Finding position of '1's efficiently in an bit array

Question

I'm wiring a program that tests a set of wires for open or short circuits. The program, which runs on an AVR, drives a test vector (a walking '1') onto the wires and receives the result back. It compares this resultant vector with the expected data which is already stored on an SD Card or external EEPROM.

Here's an example, assume we have a set of 8 wires all of which are straight through i.e. they have no junctions. So if we drive 0b00000010 we should receive 0b00000010.

Suppose we receive 0b11000010. This implies there is a short circuit between wire 7,8 and wire 2. I can detect which bits I'm interested in by 0b00000010 ^ 0b11000010 = 0b11000000. This tells me clearly wire 7 and 8 are at fault but how do I find the position of these '1's efficiently in an large bit-array. It's easy to do this for just 8 wires using bit masks but the system I'm developing must handle up to 300 wires (bits).
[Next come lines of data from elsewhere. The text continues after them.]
(* Fix $\tau$ with $0<\tau\le\frac1{8d^2}$ and a slack vector $\nu$ with $\|\nu\|_\infty\le\frac1{4d}$. (1) If $\Gamma\in\mathbb L_2^\nu$, then there exists $\Gamma'\in\mathbb L_2$ such that $\Gamma'_i(x_i)\ge\tau$ for all $i\in\mathcal V$, $x_i\in\chi$, $\Gamma'_{ij}(x_i,x_j)\ge\tau$ for all $ij\in\mathcal E$, $x_i,x_j\in\chi$, and $\|\Gamma-\Gamma'\|_1\le2\|\nu\|_1+2(|\mathcal E|+n)d^2\tau$. (2) If $\Gamma\in\mathbb L_2$, then there exists $\Gamma'\in\mathbb L_2^\nu$ such that $\Gamma'_i(x_i)\ge\tau$ for all $i,x_i$, $\Gamma'_{ij}(x_i,x_j)\ge\tau$ for all $ij,x_i,x_j$, and $\|\Gamma-\Gamma'\|_1\le6d\deg(G)\|\nu\|_1+8(|\mathcal E|+n)d^2\tau$.
   Context: Let $G=(\mathcal V,\mathcal E)$ be a graph with $\mathcal V=\{1,\dots,n\}$, edges ordered pairs $ij$, maximum degree $\deg(G)$, and $\chi=\{0,\dots,d-1\}$; $\Sigma_d$ is the probability simplex in $\mathbb R^d$ and $\mathbb 1$ the all-ones vector. A marginal vector $\Gamma$ consists of $\Gamma_i\in\mathbb R^d$ ($i\in\mathcal V$) and $\Gamma_{ij}\in\mathbb R^{d\times d}$ ($ij\in\mathcal E$); $\|\cdot\|_1$ is the sum of absolute values of all entries and $\|\cdot\|_\infty$ the maximum absolute entry. A slack vector $\nu$ consists of vectors $\nu_{ij},\nu_{ji}\in\mathbb R^d$ for each $ij\in\mathcal E$ with $\nu_{ij}^\top\mathbb 1=\nu_{ji}^\top\mathbb 1=0$. The slack polytope is $\mathbb L_2^\nu=\{\Gamma\ge0:\Gamma_i\in\Sigma_d\ \forall i;\ \Gamma_{ij}\mathbb 1=\Gamma_i+\nu_{ij},\ \Gamma_{ij}^\top\mathbb 1=\Gamma_j+\nu_{ji},\ \mathbb 1^\top\Gamma_{ij}\mathbb 1=1\ \forall ij\in\mathcal E\}$; $\mathbb L_2=\mathbb L_2^0$. *)

theory Defs
  imports Complex_Main
begin

text \<open>Graph G = (V, E) with V = {1..n}; edges are ordered pairs (i,j); states chi = {0..<d}.
  A marginal vector is a pair (Gv, Ge): Gv i x = Gamma_i(x), Ge i j x y = Gamma_ij(x,y).
  A slack vector is nu with nu i j = nu_ij and nu j i = nu_ji for (i,j) in E.\<close>

definition simple_graph :: "nat \<Rightarrow> (nat \<times> nat) set \<Rightarrow> bool" where
  "simple_graph n E \<longleftrightarrow> E \<subseteq> {1..n} \<times> {1..n} \<and> (\<forall>(i,j)\<in>E. i \<noteq> j \<and> (j,i) \<notin> E)"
Before I started using macros like the following and testing each bit in an array of 300*300-bits I wanted to ask here if there was a more elegant solution.

 #define BITMASK(b) (1 << ((b) % 8))
 #define BITSLOT(b) ((b / 8))
 #define BITSET(a, b) ((a)[BITSLOT(b)] |= BITMASK(b))
 #define BITCLEAR(a,b) ((a)[BITSLOT(b)] &= ~BITMASK(b))
 #define BITTEST(a,b) ((a)[BITSLOT(b)] & BITMASK(b))
 #define BITNSLOTS(nb) ((nb + 8 - 1) / 8)

Just to further show how to detect an open circuit. Expected data: 0b00000010, received data: 0b00000000 (the wire isn't pulled high). 0b00000010 ^ 0b00000000 = 0b0b00000010 - wire 2 is open.

NOTE: I know testing 300 wires is not something the tiny RAM inside an AVR Mega 1281 can handle, that is why I'll split this into groups i.e. test 50 wires, compare, display result and then move forward.

Answer 1

Many architectures provide specific instructions for locating the first set bit in a word, or for counting the number of set bits. Compilers usually provide intrinsics for these operations, so that you don't have to write inline assembly. GCC, for example, provides __builtin_ffs, __builtin_ctz, __builtin_popcount, etc., each of which should map to the appropriate instruction on the target architecture, exploiting bit-level parallelism.

If the target architecture doesn't support these, an efficient software implementation is emitted by the compiler. The naive approach of testing the vector bit by bit in software is not very efficient.

If your compiler doesn't implement these, you can still code your own implementation using a de Bruijn sequence.